On Sun, Nov 18, 2012 at 7:43 PM, Andrea Shepard <andrea@torproject.org> wrote:

I've made some notes on parallelizing cell crypto on relays which I've attached to this mail and added to the wiki page on this [1], which I would like comment on. Particularly, I want to resolve the following points:

* Should we operate on cell_t or packed_cell_t?

After reading your comments, I don't feel strongly that packed_cell_t is correct. Either would probably be okay. I think I might have said "packed_cell_t" on the grounds that we already have a specialized allocator for them, whereas we don't currently heap-allocate as many cell_t as we would need for this. I might also have said "packed_cell_t" on the theory that copying data from cell_t to packed_cell_t would waste cycles, but I'm not sure that's significant here. Or maybe I was thinking of the amount of space wasted in packed_cell_t vs cell_t, and worried about the number of queued cells we're likely to have at once. For queueing the cell_ts, and where to put a next pointer: I *think* (but can't be sure) that most of our cell_t objects are currently short-lived, and most of our long-lived cell objects are currently packed_cell_t. So adding fields to cell_t wouldn't hurt much, since they don't currently represent very much of our total allocation, I think. (We should double-check that!)

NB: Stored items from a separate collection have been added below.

(* Let $\delta\in(0,1)$, let $S\subseteq V$ be fixed, and let $\mathcal{R}$ be a collection of $T$ independent IBSs drawn from $\Omega^n$. Let $c=\ln(1/\delta)$ and $p=p(S)$. Define $$f_l(\mathcal{R},\delta)=\min\left\{\hat{\mathbb{B}}(S)-\frac{\rho c\Gamma}{3T},\ \hat{\mathbb{B}}(S)-\frac{\Gamma}{T}\left(\frac{\rho c}{3}-cp+\sqrt{\Big(\frac{\rho c}{3}-cp\Big)^2+2Tpc\frac{\hat{\mathbb{B}}(S)}{\Gamma}}\right)\right\}.$$ Then $\Pr[\mathbb{B}(S)\ge f_l(\mathcal{R},\delta)]\ge1-\delta$.
   Context: Setting: $G=(V,E)$ is a directed graph under the Independent Cascade model with edge probabilities $p(u,v)\in(0,1)$. A random live-edge graph $g$ keeps each edge $e$ independently with probability $p(e)$, and $R(g,S)$ is the set of nodes reachable from $S$ in $g$. Each node has benefit $b(u)\ge0$. The benefit function is $\mathbb{B}(S)=\mathbb{E}_g[\sum_{u\in R(g,S)}b(u)]$. Let $\Gamma=\sum_u b(u)>0$. For each node $u$, $\gamma(u)=1-\prod_{v\in N_{in}(u)}(1-p(v,u))$, and $\Phi=\sum_u\gamma(u)b(u)>0$. IBS distribution $\Omega^n$: pick a source $u$ with probability $\gamma(u)b(u)/\Phi$. Then output the set of nodes that can reach $u$ in a random live-edge graph, conditioned on at least one in-edge of $u$ being kept. For a collection $\mathcal{R}=\{R_1,\dots,R_T\}$ of IBSs, the estimator is $$\hat{\mathbb{B}}(S)=\frac{\Phi}{T}\sum_{j=1}^T\min\{1,|S\cap R_j|\}+\sum_{v\in S}(1-\gamma(v))b(v).$$ Further definitions: - $\mu_{\min}(S)=\sum_{v\in S}(1-\gamma(v))b(v)/\Gamma$; - $\rho=\Phi/\Gamma$; - $\mu_{\max}(S)=\rho+\mu_{\min}(S)$; - $p(S)=\min\{\rho,\ \mu_{\max}(S)+\mu_{\min}(S)-2\sqrt{\mu_{\min}(S)\mu_{\max}(S)}\}$. *)

theory Defs
  imports "HOL-Probability.Probability"
begin
(* Let $m>3$ be such that a Steiner triple system $\mathrm{STS}(\mathcal M)$ on $\mathcal M$ exists. Then the hypergraph PIN model on $\mathcal H_{\mathrm{STS}}=(\mathcal M,\mathrm{STS}(\mathcal M))$ is strict Type $\mathcal S$.
   Context: Let $\mathcal M=\{1,\dots,m\}$. A Steiner triple system $\mathrm{STS}(\mathcal M)$ is a collection of 3-element subsets of $\mathcal M$ such that every 2-element subset of $\mathcal M$ is contained in exactly one member of the collection. A hypergraph PIN model on $\mathcal H=(\mathcal M,\mathcal E)$ is defined as follows. Let $\mathcal E^{(n)}$ contain $n$ copies of each hyperedge. Independent Bernoulli(1/2) variables $\xi_e$ are attached to the $e\in\mathcal E^{(n)}$, and $X^n_i=(\xi_e:e\in\mathcal E^{(n)},\ i\in e)$; the single-letter source $X_{\mathcal M}$ is the case $n=1$. Entropies are base 2. $\Delta(\mathcal P)=\frac1{|\mathcal P|-1}[\sum_{A\in\mathcal P}H(X_A)-H(X_{\mathcal M})]$ for partitions with at least 2 cells, where $X_A=(X_i:i\in A)$. The source is strict Type $\mathcal S$ if the singleton partition $\{\{1\},\dots,\{m\}\}$ is the unique minimizer of $\Delta$. *)

theory Defs
  imports "HOL-Probability.Probability_Mass_Function" "HOL-Library.Disjoint_Sets"
begin

definition is_STS :: "nat set \<Rightarrow> nat set set \<Rightarrow> bool" where
  "is_STS M E \<longleftrightarrow> (\<forall>e\<in>E. e \<subseteq> M \<and> card e = 3) \<and>
     (\<forall>i\<in>M. \<forall>j\<in>M. i \<noteq> j \<longrightarrow> (\<exists>!e. e \<in> E \<and> {i, j} \<subseteq> e))"

text \<open>Single-letter hypergraph PIN source (n = 1): independent uniform bits xi_e,
  one per hyperedge e in E; the joint law of xi is uniform on the functions E -> bool.\<close>
definition pin_bits :: "nat set set \<Rightarrow> (nat set \<Rightarrow> bool) pmf" where
  "pin_bits E = pmf_of_set (PiE E (\<lambda>_. UNIV))"

definition pin_X :: "nat set set \<Rightarrow> nat \<Rightarrow> (nat set \<Rightarrow> bool) \<Rightarrow> (nat set \<Rightarrow> bool)" where
  "pin_X E i xi = restrict xi {e \<in> E. i \<in> e}"

definition pin_XA :: "nat set set \<Rightarrow> nat set \<Rightarrow> (nat set \<Rightarrow> bool) \<Rightarrow> (nat \<Rightarrow> nat set \<Rightarrow> bool)" where
  "pin_XA E A xi = (\<lambda>i\<in>A. pin_X E i xi)"

definition entropy2 :: "'a pmf \<Rightarrow> real" where
  "entropy2 p = - (\<Sum>x\<in>set_pmf p. pmf p x * log 2 (pmf p x))"

definition pin_H :: "nat set set \<Rightarrow> nat set \<Rightarrow> real" where
  "pin_H E A = entropy2 (map_pmf (pin_XA E A) (pin_bits E))"

definition pin_Delta :: "nat set \<Rightarrow> nat set set \<Rightarrow> nat set set \<Rightarrow> real" where
  "pin_Delta M E P = ((\<Sum>A\<in>P. pin_H E A) - pin_H E M) / (real (card P) - 1)"

definition singleton_partition :: "nat set \<Rightarrow> nat set set" where
  "singleton_partition M = (\<lambda>i. {i}) ` M"

definition strict_type_S :: "nat set \<Rightarrow> nat set set \<Rightarrow> bool" where
  "strict_type_S M E \<longleftrightarrow>
     partition_on M (singleton_partition M) \<and> card (singleton_partition M) \<ge> 2 \<and>
     (\<forall>P. partition_on M P \<and> card P \<ge> 2 \<and> P \<noteq> singleton_partition M \<longrightarrow>
          pin_Delta M E (singleton_partition M) < pin_Delta M E P)"

end

theory Submission
  imports Defs "HOL-Probability.Product_PMF"
begin

text \<open>In the PIN model \<open>H(X\<^sub>A)\<close> is the number of hyperedges meeting \<open>A\<close>. In a Steiner
  triple system every point lies in \<open>(m - 1)/2\<close> triples and there are \<open>m(m - 1)/6\<close>
  triples, so \<open>\<Delta>\<close> of the singleton partition is \<open>m/3\<close>. A cell of size \<open>a\<close> meets at least
  \<open>m/3 + a(m - 3)/6\<close> triples, strictly more when \<open>a \<ge> 2\<close> (by inclusion-exclusion for
  \<open>a = 2\<close>, and for \<open>a \<ge> 3\<close> by counting the pairs meeting the cell, at most three per
  triple). Summing over the \<open>k\<close> cells of any other partition gives
  \<open>\<Sum>H(X\<^sub>A) - H(X\<^sub>M) > (k - 1) m/3\<close>.\<close>

section \<open>Entropy of the PIN model\<close>

lemma entropy2_pmf_of_set:
  assumes "finite S" "S \<noteq> {}"
  shows "entropy2 (pmf_of_set S) = log 2 (card S)"
proof -
  have c: "card S > 0" using assms by (simp add: card_gt_0_iff)
  have "entropy2 (pmf_of_set S) = - (\<Sum>x\<in>S. (1 / card S) * log 2 (1 / card S))"
    unfolding entropy2_def using assms by (simp add: pmf_of_set)
  also have "\<dots> = log 2 (card S)" using c by (simp add: log_divide)
  finally show ?thesis .
qed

* Is it acceptable for the main thread to call functions to manipulate job-dispatching data structures that need to acquire a lock if we can be sure everything that ever holds the lock only does so very briefly to manipulate those structures and will never block while holding it, or do we need to design something that's lock-free for the main thread?

I don't think the main thread needs to be lock-free so long as it won't often block for too long. I was initially planning to have locks protect the work-queues initially, and only substitute in a lock-free work-queue implementation if it turned out to matter. (How long the lock is held by the main thread is less important for performance IIUC than whether the main thread will spend much time blocked waiting for the lock, or how much lock contention there will be.)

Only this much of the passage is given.